Podemos probar a contestar esa pregunta: ¿por qué no nos contentamos los humanos con simplemente vivir la unidad de toda la vida en vez de coleccionar cadáveres como tristes testimonios de nuestra incapacidad de conectar ella?


El caso de los animales disecados es un ejemplo extremo, pero la misma “desconexión” puede explicar por qué maltratamos a mascotas o hacemos bonsais –dos ejemplos de violencia humana más o menos sutil contra las condiciones naturales que sustentan a algunos organismos vivos de este planeta.


Desde la perspectiva del Dharma, la respuesta es clara: porque nos hemos acostumbrado a acumular cosas para mitigar nuestra sensación de inseguridad y sinsentido vital, estamos poseídos por la inercia del menor esfuerzo, y además nos sentimos con derecho a despreciar y violar la naturaleza y desarrollo natural de todo lo que no encaje con nuestras estrechas miras y proyectos. ¿O es que no somos los amos y señores de la creación?


El resultado es que, estando como estamos, “simplemente” vivir esa experiencia de unidad no parece nada simple... pero nada en absoluto. Así que nos echamos otra vez en brazos de nuestros hábitos malsanos, con mala conciencia quizá, pero sin una idea clara de cuáles pueden ser las alternativas.


En el fondo, ¿no es esa añorada cercanía a la vida natural lo que explica la costumbre humana de domesticar a ciertos seres vivos para que nos hagan compañía? ¿Estamos seguros de que, al hacerlo, estamos respetando de verdad la naturaleza del animal o de la planta en cuestión? Lo contrario equivaldría a tomar rehenes de la naturaleza para satisfacer carencias propias, cuando mejor podríamos resolver esa carencia yendo a sus causas, en vez de coleccionando sucedáneos paliativos.


Lo asombroso de verdad es que, a pesar de todas las tropelías que hemos cometido y seguimos cometiendo contra ella, la naturaleza sigue ofreciéndonos sus puertas abiertas. Sólo hace falta tener la suficiente humildad para reconocer las raíces comunes que nos unen con toda la vida del planeta. Nuestro potencial es entrar en comunión con ella, atravesando su desconcertante revoltijo de supervivencia y muerte, creación y destrucción, aparente crueldad, indiferencia y falta de sentido, para sentir su fuerza pura de modo que nos transforme en custodios y guardianes de toda la vida, sean cuales sean sus formas.

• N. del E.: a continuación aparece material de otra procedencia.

(* Let $f:\mathbb{R}^{M}\times\Theta\to\mathbb{R}^N$ (with $N\ge1$) be a network built from $L$ linear layers as follows: $\mathbf{x}^1=\mathbf{x}$, $\mathbf{x}^{l+1}=\sigma_l(\mathbf{W}_l\mathbf{x}^l;\boldsymbol{\beta}_l)$ for $l=1,\dots,L-1$, and $f(\mathbf{x};\boldsymbol{\theta})=\sigma_L(\mathbf{W}_L\mathbf{x}^L;\boldsymbol{\beta}_L)$, where $\mathbf{W}_l$ are weight matrices, $\sigma_l$ are differentiable maps possibly with extra parameters $\boldsymbol{\beta}_l$, and $\boldsymbol{\theta}=(\mathbf{W}_1,\boldsymbol{\beta}_1,\dots,\mathbf{W}_L,\boldsymbol{\beta}_L)$; $f$ is assumed twice differentiable in $\boldsymbol{\theta}$. For each $l$ let $f^l$ denote the map from the input $\mathbf{x}^l$ of the $l$-th linear layer to the network output (with parameters fixed). Let $(\mathbf{x}_i,\mathbf{y}_i)_{i=1}^n$ be training data, let $\mathbf{x}_i^l$ be the input to the $l$-th linear layer when the network input is $\mathbf{x}_i$, and assume all $\mathbf{x}_i^l\ne0$. Let $\boldsymbol{\theta}^*$ be an exact interpolation solution ($f(\mathbf{x}_i;\boldsymbol{\theta}^* )=\mathbf{y}_i$ for all $i$). Then $$\sum_{l=1}^L dV_{f^l}\le \frac{N^{-N/2}}{n}\sum_{l=1}^L\sum_{i=1}^n\|J_{f^l}(\mathbf{x}_i^l)\|_F^N\le \frac1n\sqrt{\sum_{l=1}^L\sum_{i=1}^n\frac{\|\mathbf{W}_l\|_2^{2N}}{\|\mathbf{x}_i^l\|_2^{2N}}}\cdot\left(\frac{n\,S(\boldsymbol{\theta}^* )}{N}\right)^{N/2}.$$
   Context: The loss is $L(\boldsymbol{\theta})=\frac1n\sum_{i=1}^n\frac12\|f(\mathbf{x}_i;\boldsymbol{\theta})-\mathbf{y}_i\|_2^2$ and the sharpness is $S(\boldsymbol{\theta})=\operatorname{Tr}(\nabla^2_{\boldsymbol{\theta}}L(\boldsymbol{\theta}))$. $J_{f^l}(\mathbf{x}^l)$ is the Jacobian ($N$ rows) of $f^l$ at $\mathbf{x}^l$ with parameters $\boldsymbol{\theta}^*$. The local volumetric ratio of $f^l$ at $\mathbf{x}^l$ is $\sqrt{\det(J_{f^l}(\mathbf{x}^l)J_{f^l}(\mathbf{x}^l)^T)}$, and $dV_{f^l}=\frac1n\sum_{i=1}^n\sqrt{\det(J_{f^l}(\mathbf{x}_i^l)J_{f^l}(\mathbf{x}_i^l)^T)}$; the sum $\sum_l dV_{f^l}$ is the Network Volumetric Ratio. $\|\cdot\|_2$ is the Euclidean/spectral norm and $\|\cdot\|_F$ the Frobenius norm. *)

theory Defs
  imports "HOL-Analysis.Derivative" "Jordan_Normal_Form.Determinant"
begin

PD: Sé que esta entrada me ha salido muy cognitiva, pero la envío de todas formas como muestra de las dificultades que estoy teniendo para encontrarle el punto a las prácticas de Shén.


A veces tengo la impresión de que este blog es como una herida purulenta: al abrirla, primero sale el pus cognitivo, pero mi esperanza es que la sangre de las experiencias no cognitivas que vaya saliendo luego lave la herida y favorezca la curación correcta.